Wife of ‘duck sauce killer’ wants gun charges against her dropped, citing husband’s suicide note

The wife of the late ‘duck sauce killer’ wants her husband’s suicide note to be used as evidence to get the gun possession case against her dropped, a letter filed by her lawyer in Queens Criminal Court Tuesday reveals.

Dorothy Hirsch alleges her spouse, Glenn Hirsch made it clear in his last, rambling missive that any firearms found in her Briarwood home were his and his alone.

“I want to take full responsibility for the eight guns recovered from a closet in [Dorothy’s] apartment. I acquired these firearms many years ago and they remained undisturbed in an outdoor storage facility shared with previous roommates,” read part of Hirsch’s suicide note.

“She had absolutely no part in obtaining the firearms nor did she have any knowledge they were inside of her residence,” the murder suspect wrote.

He said the missive was “dying declaration,” and he emailed it to the judge on his case, his lawyers, prosecutors and others, sources said.

Glenn Hirsch was supposed to appear in court Friday on charges that he stalked and shot Zhiwen Yan, 45, in Forest Hills on April 30.

Instead of going before a judge, Hirsch, 51, was was found dead from a gunshot wound on a couch in his apartment on 141st St. in Briarwood, authorities said.

All of Hirsch’s guns were thought to be seized by police, so it is unclear where he got the suicide weapon.

Dorothy Hirsch, 62, was charged with gun possession on June 2, after cops raided the 84th Road home, where she lived separately from her husband.

Police recovered the eight firearms, including Lugers, Magnums and a loaded 9-mm semi-automatic along with over 200 rounds of ammunition from a crammed hallway closet where they were stored inside boxes and trash bags, some wrapped in aluminum foil.

Dorothy Hirsch’s lawyer Mark Bederow asked that her case be dropped completely.

“The portion of Glenn’s suicide note detailing his exclusive possession of the firearms is admissible evidence,” Bederow wrote in a letter to Queens prosecutor Thomas Salmon.

“Given this evidence and Glenn’s recent suicide, I urge you to re-evaluate the merits of a prosecution against Dorothy,” he wrote.

At least one of the eight firearms found in Dorothy Hirsch’s closet tested positive for her husband’s DNA, an exhibit filed along with the letter showed.

Glenn Hirsch allegedly killed the beloved Chinese food delivery man after a months-long beef with the Great Wall Restaurant over the availability of duck sauce.

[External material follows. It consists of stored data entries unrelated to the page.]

lemma tail_weight_recurrence:
  "2 ^ (n + 2) * (tail_weight (Suc k) (Suc n) - tail_weight k (Suc n))
     = sfrac_coeff (Suc k) * tail_weight (Suc (Suc k)) n"
proof -
  obtain j where "k = 2 * j \<or> k = 2 * j + 1"
    by (metis dvd_mult_div_cancel odd_two_times_div_two_succ)
  then show ?thesis
    using tail_weight_recurrence_even[of n j] tail_weight_recurrence_odd[of n j]
    by (auto simp: numeral_eq_Suc)
qed

definition series_coeff :: "nat \<Rightarrow> rat" where
  "series_coeff n = 2 ^ (n * (n + 3) div 2)"

lemma series_coeff_Suc: "series_coeff (Suc n) = 2 ^ (n + 2) * series_coeff n"
proof -
  have "Suc n * (Suc n + 3) = n * (n + 3) + 2 * (n + 2)"
    by (simp add: algebra_simps)
  then have "Suc n * (Suc n + 3) div 2 = n * (n + 3) div 2 + (n + 2)"
    by simp
  then show ?thesis
    by (simp add: series_coeff_def power_add)
qed

lemma series_coeff_0 [simp]: "series_coeff 0 = 1"
  by (simp add: series_coeff_def)

fun tail :: "nat \<Rightarrow> rat fps" where
  "tail 0 = 1"
| "tail (Suc k) = Abs_fps (\<lambda>n. series_coeff n * tail_weight k n)"

lemma tail_nth_0: "tail k $ 0 = 1"
  by (cases k) simp_all

lemma tail_recurrence: "tail k = tail (Suc k) - fps_const (sfrac_coeff k) * fps_X * tail (Suc (Suc k))"
proof (rule fps_ext)
  fix n
  have X_nth: "(fps_const c * fps_X * f) $ Suc m = c * f $ m" for c and f :: "rat fps" and m
    by (simp add: mult.assoc fps_X_mult_nth)
  show "tail k $ n = (tail (Suc k) - fps_const (sfrac_coeff k) * fps_X * tail (Suc (Suc k))) $ n"
  proof (cases n)
    case 0
    then show ?thesis
      by (simp add: tail_nth_0 mult.assoc fps_X_mult_nth)
  next
    case (Suc m)
    show ?thesis
    proof (cases k)
      case 0
      have "series_coeff (Suc m) * tail_weight 0 (Suc m)
          = sfrac_coeff 0 * (series_coeff m * tail_weight 1 m)"
        by (simp add: series_coeff_Suc tail_weight_def sfrac_coeff_def power_add)
      then show ?thesis
        using 0 Suc by (simp add: X_nth)
    next
      case (Suc k')
      have "series_coeff (Suc m) * (tail_weight (Suc k') (Suc m) - tail_weight k' (Suc m))
          = series_coeff m * (2 ^ (m + 2) * (tail_weight (Suc k') (Suc m) - tail_weight k' (Suc m)))"
        by (simp only: series_coeff_Suc mult_ac)
      also have "\<dots> = sfrac_coeff (Suc k') * (series_coeff m * tail_weight (Suc (Suc k')) m)"
        by (simp only: tail_weight_recurrence mult_ac)
      finally show ?thesis
        using Suc \<open>n = Suc m\<close> by (simp add: X_nth algebra_simps)
    qed
  qed
qed

lemma contracted_beta_eq:
  "(2::rat) ^ (Suc k + 1) * (2 ^ (Suc k + 1) + 2 ^ Suc k - 1)
     = sfrac_coeff (2 * k + 1) + sfrac_coeff (2 * k + 2)"
proof -
  have "sfrac_coeff (2 * k + 2) = 2 ^ (2 * k + 4)"
    using sfrac_coeff_even[of "k + 1"] by (simp add: algebra_simps power_add)
  moreover have "(2::rat) ^ (2 * k) = 2 ^ k * 2 ^ k"
    by (simp add: mult_2 power_add)
  ultimately show ?thesis
    unfolding sfrac_coeff_odd by (simp add: power_add algebra_simps)
qed

lemma contracted_lambda_eq:
  "(2::rat) ^ (3 * Suc k + 1) * (2 ^ Suc k - 1) = sfrac_coeff (2 * k) * sfrac_coeff (2 * k + 1)"
proof -
  have "(2::rat) ^ (3 * k) = 2 ^ k * 2 ^ k * 2 ^ k" "(2::rat) ^ (2 * k) = 2 ^ k * 2 ^ k"
    by (simp_all add: numeral_eq_Suc power_add)
  then show ?thesis
    unfolding sfrac_coeff_odd sfrac_coeff_even by (simp add: power_add algebra_simps)
qed

theorem mainTheorem4:
  fixes F :: "rat fps" and beta lam b :: "nat \<Rightarrow> rat"
  assumes "F = Abs_fps (\<lambda>n. 2 ^ (n * (n + 3) div 2))"
      and "\<And>n. beta n = 2 ^ (n + 1) * (2 ^ (n + 1) + 2 ^ n - 1)"
      and "\<And>n. lam n = 2 ^ (3 * n + 1) * (2 ^ n - 1)"
      and "\<And>n. b n = 2 ^ (n + 2) - 2 ^ ((n + 1) div 2) * (1 - (-1) ^ n)"
  shows "has_jfrac F beta lam \<and> has_sfrac F b"
proof
  have F: "F = tail 1"
    using assms(1) by (simp add: series_coeff_def tail_weight_def)
  have b: "b = sfrac_coeff"
    using assms(4) by (simp add: sfrac_coeff_def fun_eq_iff)
  show "has_sfrac F b"
    unfolding F b by (rule has_sfrac_if_recurrence[OF tail.simps(1) _ tail_recurrence]) (simp add: tail_nth_0)
  define Q where "Q k = (if k = 0 then 1 else tail (2 * k - 1))" for k
  have Q_recurrence: "Q k = (1 - fps_const (beta k) * fps_X) * Q (Suc k)
              - fps_const (lam (Suc k)) * fps_X ^ 2 * Q (Suc (Suc k))" for k
  proof (rule even_contraction_recurrence[where P = tail and a = sfrac_coeff, OF tail_recurrence])
    show "beta (Suc k) = sfrac_coeff (2 * k + 1) + sfrac_coeff (2 * k + 2)" for k
      unfolding assms(2) by (rule contracted_beta_eq)
    show "lam (Suc k) = sfrac_coeff (2 * k) * sfrac_coeff (2 * k + 1)" for k
      unfolding assms(3) by (rule contracted_lambda_eq)
  qed (simp_all add: Q_def assms(2) sfrac_coeff_def)
  have "has_jfrac (Q 1) beta lam"
    by (rule has_jfrac_if_recurrence[where P = Q, OF _ _ Q_recurrence]) (simp_all add: Q_def tail_nth_0)
  then show "has_jfrac F beta lam"
    by (simp add: Q_def F)
qed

Authorities say that Glenn Hirsch became enraged on Nov. 30 because he didn’t think he got enough of the condiment with his takeout order. His demand for more duck sauce was an “obsessive point of contention,” the Queens District Attorney’s office said.

The night of the killing, Hirsch allegedly went to the eatery, circled the block several times and followed Yan as he drove off to make a delivery on his scooter — then shot him to death.

Hirsch was released on $500,000 bail in June and was required to wear a monitoring device, only allowed outside his home for visits to his lawyer, court, and an hour of exercise a day.

Dorothy Hirsch, a registered nurse, is free on $30,000 bail.